[Data entries]
"""

lemma mix_weight_bounds: "0 \<le> mix_weight u v" "mix_weight u v \<le> 1"
  unfolding mix_weight_def using fifth_ramp_bounds gate_bounds by (auto simp: min_def max_def)

lemma abs_mix_weight_diff_le_u: "\<bar>mix_weight u v - mix_weight u' v\<bar> \<le> 8 * \<bar>u - u'\<bar>"
proof -
  have "\<bar>mix_weight u v - mix_weight u' v\<bar> \<le> max \<bar>fifth_ramp 3 v - fifth_ramp 3 v\<bar>
      \<bar>min (fifth_ramp 1 v) (gate u) - min (fifth_ramp 1 v) (gate u')\<bar>"
    unfolding mix_weight_def by (rule abs_max_diff_le)
  also have "\<dots> \<le> 8 * \<bar>u - u'\<bar>"
    using abs_min_diff_le[of "fifth_ramp 1 v" "gate u" "fifth_ramp 1 v" "gate u'"] abs_gate_diff_le[of u u']
    by auto
  finally show ?thesis .
qed

lemma abs_mix_weight_diff_le_v: "\<bar>mix_weight u v - mix_weight u v'\<bar> \<le> 5 * \<bar>v - v'\<bar>"
proof -
  have "\<bar>mix_weight u v - mix_weight u v'\<bar> \<le> max \<bar>fifth_ramp 3 v - fifth_ramp 3 v'\<bar>
      \<bar>min (fifth_ramp 1 v) (gate u) - min (fifth_ramp 1 v') (gate u)\<bar>"
    unfolding mix_weight_def by (rule abs_max_diff_le)
  also have "\<dots> \<le> 5 * \<bar>v - v'\<bar>"
    using abs_min_diff_le[of "fifth_ramp 1 v" "gate u" "fifth_ramp 1 v'" "gate u"]
      abs_fifth_ramp_diff_le[of 3 v v'] abs_fifth_ramp_diff_le[of 1 v v']
    by auto
  finally show ?thesis .
qed

lemma fold_shift_cell_ends: "fold_shift 0 v = 0" "fold_shift 1 v = 0"
  unfolding fold_shift_def fold_map_def quarter_ramp_def ramp_def
  using fifth_ramp_bounds by (auto simp: min_def max_def)

lemma mix_weight_cell_ends: "mix_weight 0 v = mix_weight 1 v"
  unfolding mix_weight_def gate_def quarter_ramp_def ramp_def by simp

lemma profiles_at_start: "fold_shift u 0 = 0" "mix_weight u 0 = 0"
  unfolding fold_shift_def mix_weight_def plateau_def fifth_ramp_def ramp_def
  using gate_bounds[of u] by (auto simp: min_def max_def)

lemma profiles_at_end: "fold_shift u 1 = 0" "mix_weight u 1 = 1"
  unfolding fold_shift_def mix_weight_def plateau_def fifth_ramp_def ramp_def
  using gate_bounds[of u] by (auto simp: min_def max_def)

definition frozen_in_v :: "real \<Rightarrow> real \<Rightarrow> bool" where
  "frozen_in_v u v \<longleftrightarrow>
     (\<exists>r>0. \<exists>s\<in>{1, -1}. \<forall>h. 0 < h \<and> h < r \<longrightarrow> mix_weight u (v + s * h) = mix_weight u v)"

(* The last condition says that the curve parameter u + fold_shift u v does not move with u. *)
definition frozen_in_u :: "real \<Rightarrow> real \<Rightarrow> bool" where
  "frozen_in_u u v \<longleftrightarrow>
     (\<exists>r>0. r \<le> 1 - u \<and> (\<forall>h. 0 < h \<and> h < r \<longrightarrow>
        mix_weight (u + h) v = mix_weight u v \<and> h + fold_shift (u + h) v = fold_shift u v))"

lemma frozen_in_vI:
  assumes "0 < r" "s = 1 \<or> s = -1"
    and "\<And>h. 0 < h \<Longrightarrow> h < r \<Longrightarrow> mix_weight u (v + s * h) = mix_weight u v"
  shows "frozen_in_v u v"
  unfolding frozen_in_v_def using assms by blast

lemma frozen_in_uI:
  assumes "0 < r" "r \<le> 1 - u" "plateau v = 1"
    and "\<And>h. 0 < h \<Longrightarrow> h < r \<Longrightarrow> mix_weight (u + h) v = mix_weight u v \<and> fold_map (u + h) v = fold_map u v"
  shows "frozen_in_u u v"
  unfolding frozen_in_u_def fold_shift_def using assms by (intro exI[of _ r]) auto

lemma mix_weight_const_outside_mixing:
  assumes "(v \<le> 1/5 \<and> v' \<le> 1/5) \<or> (2/5 \<le> v \<and> v \<le> 3/5 \<and> 2/5 \<le> v' \<and> v' \<le> 3/5) \<or> (4/5 \<le> v \<and> 4/5 \<le> v')"
  shows "mix_weight u v' = mix_weight u v"
  using assms gate_bounds[of u] unfolding mix_weight_def fifth_ramp_def ramp_def
  by (auto simp: min_def max_def)

lemma first_mixing_phase:
  assumes "1/5 \<le> v" "v \<le> 2/5"
  shows "plateau v = 1" "fifth_ramp 3 v = 0" "fold_map u v = quarter_ramp 2 u"
proof -
  have "fifth_ramp 2 v = 0"
    using assms unfolding fifth_ramp_def ramp_def by auto
  then show "fold_map u v = quarter_ramp 2 u"
    using quarter_ramp_bounds[of 0 u] quarter_ramp_bounds[of 2 u] unfolding fold_map_def by auto
qed (use assms in \<open>auto simp: plateau_def fifth_ramp_def ramp_def\<close>)
(* Let $0<t_1<T$. Let $\sigma$ be a convex function on $\mathbb{R}^n$ and let $H(t,p)$ be a continuously differentiable function on $[t_1,T]\times\mathbb{R}^n$ satisfying conditions (A1) and (A2) on $[t_1,T]\times\mathbb{R}^n$ (with $a=t_1$, $b=T$). Then the function $$u(t,x)=\Big(\sigma^*+\int_{t_1}^t H(\tau,\cdot)\,d\tau\Big)^*(x)=\max_{q\in\mathbb{R}^n}\Big\{\langle x,q\rangle-\sigma^*(q)-\int_{t_1}^t H(\tau,q)\,d\tau\Big\}$$ is a viscosity solution of the Cauchy problem $u_t+H(t,D_xu)=0$ in $(t_1,T)\times\mathbb{R}^n$, $u(t_1,x)=\sigma(x)$, $x\in\mathbb{R}^n$.
   Context: For a function $f:\mathbb{R}^n\to\mathbb{R}\cup\{+\infty\}$, $f^*(y)=\sup_{q\in\mathbb{R}^n}\{\langle y,q\rangle-f(q)\}$ denotes its Fenchel conjugate. Conditions on a strip $[a,b]\times\mathbb{R}^n$: (A1) for every $(t_0,x_0)\in[a,b]\times\mathbb{R}^n$ there exist constants $r>0$, $N>0$ such that $\langle x,p\rangle-\sigma^*(p)-\int_a^t H(\tau,p)d\tau<\max_{|q|\le N}\{\langle x,q\rangle-\sigma^*(q)-\int_a^tH(\tau,q)d\tau\}$ whenever $(t,x)\in[a,b]\times\mathbb{R}^n$, $|t-t_0|+|x-x_0|<r$ and $|p|>N$. (A2) $H$ has one of the two forms: (a) $H(t,\cdot)$ is convex for all $t\in[a,b]$, or $H(t,\cdot)$ is concave for all $t\in[a,b]$; (b) $H(t,p)=g(t)h(p)+k(t)$ for some functions $g,h,k$, where $g(t)$ does not change its sign on $[a,b]$. A viscosity solution of the Cauchy problem $u_t+H(t,D_xu)=0$ in $(a,b)\times\mathbb{R}^n$, $u(a,x)=g(x)$, is a continuous $u:[a,b]\times\mathbb{R}^n\to\mathbb{R}$ with $u(a,\cdot)=g$ such that for every $v\in C^1((a,b)\times\mathbb{R}^n)$: if $u-v$ has a local maximum at $(t_0,x_0)\in(a,b)\times\mathbb{R}^n$ then $v_t(t_0,x_0)+H(t_0,D_xv(t_0,x_0))\le0$, and if $u-v$ has a local minimum there then $v_t(t_0,x_0)+H(t_0,D_xv(t_0,x_0))\ge0$. *)

theory Defs
  imports "HOL-Analysis.Analysis"
begin

definition fconj :: "('a::real_inner \<Rightarrow> real) \<Rightarrow> 'a \<Rightarrow> ereal" where
  "fconj f y = (SUP q. ereal (inner y q - f q))"

definition cond_A1 :: "(real^'n \<Rightarrow> real) \<Rightarrow> (real \<Rightarrow> real^'n \<Rightarrow> real) \<Rightarrow> real \<Rightarrow> real \<Rightarrow> bool" where
  "cond_A1 \<sigma> H a b \<longleftrightarrow>
    (\<forall>t0\<in>{a..b}. \<forall>x0::real^'n. \<exists>r>0. \<exists>N>0.
       \<forall>t\<in>{a..b}. \<forall>x p. \<bar>t - t0\<bar> + norm (x - x0) < r \<and> norm p > N \<longrightarrow>
          ereal (inner x p) - fconj \<sigma> p - ereal (integral {a..t} (\<lambda>\<tau>. H \<tau> p))
          < (SUP q\<in>cball 0 N. ereal (inner x q) - fconj \<sigma> q - ereal (integral {a..t} (\<lambda>\<tau>. H \<tau> q))))"

definition cond_A2 :: "(real \<Rightarrow> real^'n \<Rightarrow> real) \<Rightarrow> real \<Rightarrow> real \<Rightarrow> bool" where
  "cond_A2 H a b \<longleftrightarrow>
    ((\<forall>t\<in>{a..b}. convex_on UNIV (H t)) \<or> (\<forall>t\<in>{a..b}. concave_on UNIV (H t))) \<or>
    (\<exists>g h k. (\<forall>t\<in>{a..b}. \<forall>p. H t p = g t * h p + k t) \<and>
             ((\<forall>t\<in>{a..b}. g t \<ge> 0) \<or> (\<forall>t\<in>{a..b}. g t \<le> 0)))"

definition grad_x :: "((real \<times> (real^'n)) \<Rightarrow>\<^sub>L real) \<Rightarrow> real^'n" where
  "grad_x D = (\<chi> i. blinfun_apply D (0, axis i 1))"

definition time_deriv :: "((real \<times> (real^'n)) \<Rightarrow>\<^sub>L real) \<Rightarrow> real" where
  "time_deriv D = blinfun_apply D (1, 0)"

definition viscosity_solution ::
  "(real \<Rightarrow> real^'n \<Rightarrow> real) \<Rightarrow> real \<Rightarrow> real \<Rightarrow> (real^'n \<Rightarrow> real) \<Rightarrow> (real \<Rightarrow> real^'n \<Rightarrow> real) \<Rightarrow> bool" where
  "viscosity_solution H a b g u \<longleftrightarrow>
    continuous_on ({a..b} \<times> UNIV) (\<lambda>(t,x). u t x) \<and>
    (\<forall>x. u a x = g x) \<and>
    (\<forall>(v :: real \<Rightarrow> real^'n \<Rightarrow> real) Dv.
       ((\<forall>z\<in>{a<..<b} \<times> UNIV. ((\<lambda>(t,x). v t x) has_derivative blinfun_apply (Dv z)) (at z))
        \<and> continuous_on ({a<..<b} \<times> UNIV) Dv) \<longrightarrow>
       (\<forall>t0\<in>{a<..<b}. \<forall>x0.
          ((\<exists>e>0. \<forall>t x. dist (t,x) (t0,x0) < e \<longrightarrow> u t x - v t x \<le> u t0 x0 - v t0 x0) \<longrightarrow>
             time_deriv (Dv (t0,x0)) + H t0 (grad_x (Dv (t0,x0))) \<le> 0) \<and>
          ((\<exists>e>0. \<forall>t x. dist (t,x) (t0,x0) < e \<longrightarrow> u t x - v t x \<ge> u t0 x0 - v t0 x0) \<longrightarrow>
             time_deriv (Dv (t0,x0)) + H t0 (grad_x (Dv (t0,x0))) \<ge> 0)))"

"""

## WHAT YOU NEED TO DO
Working through the data above, find every line holding "simp" and copy it.

## OUTPUT
  unfolding mix_weight_def using fifth_ramp_bounds gate_bounds by (auto simp: min_def max_def)
  using fifth_ramp_bounds by (auto simp: min_def max_def)
  unfolding mix_weight_def gate_def quarter_ramp_def ramp_def by simp
  using gate_bounds[of u] by (auto simp: min_def max_def)
  using gate_bounds[of u] by (auto simp: min_def max_def)
  by (auto simp: min_def max_def)
qed (use assms in \<open>auto simp: plateau_def fifth_ramp_def ramp_def\<close>)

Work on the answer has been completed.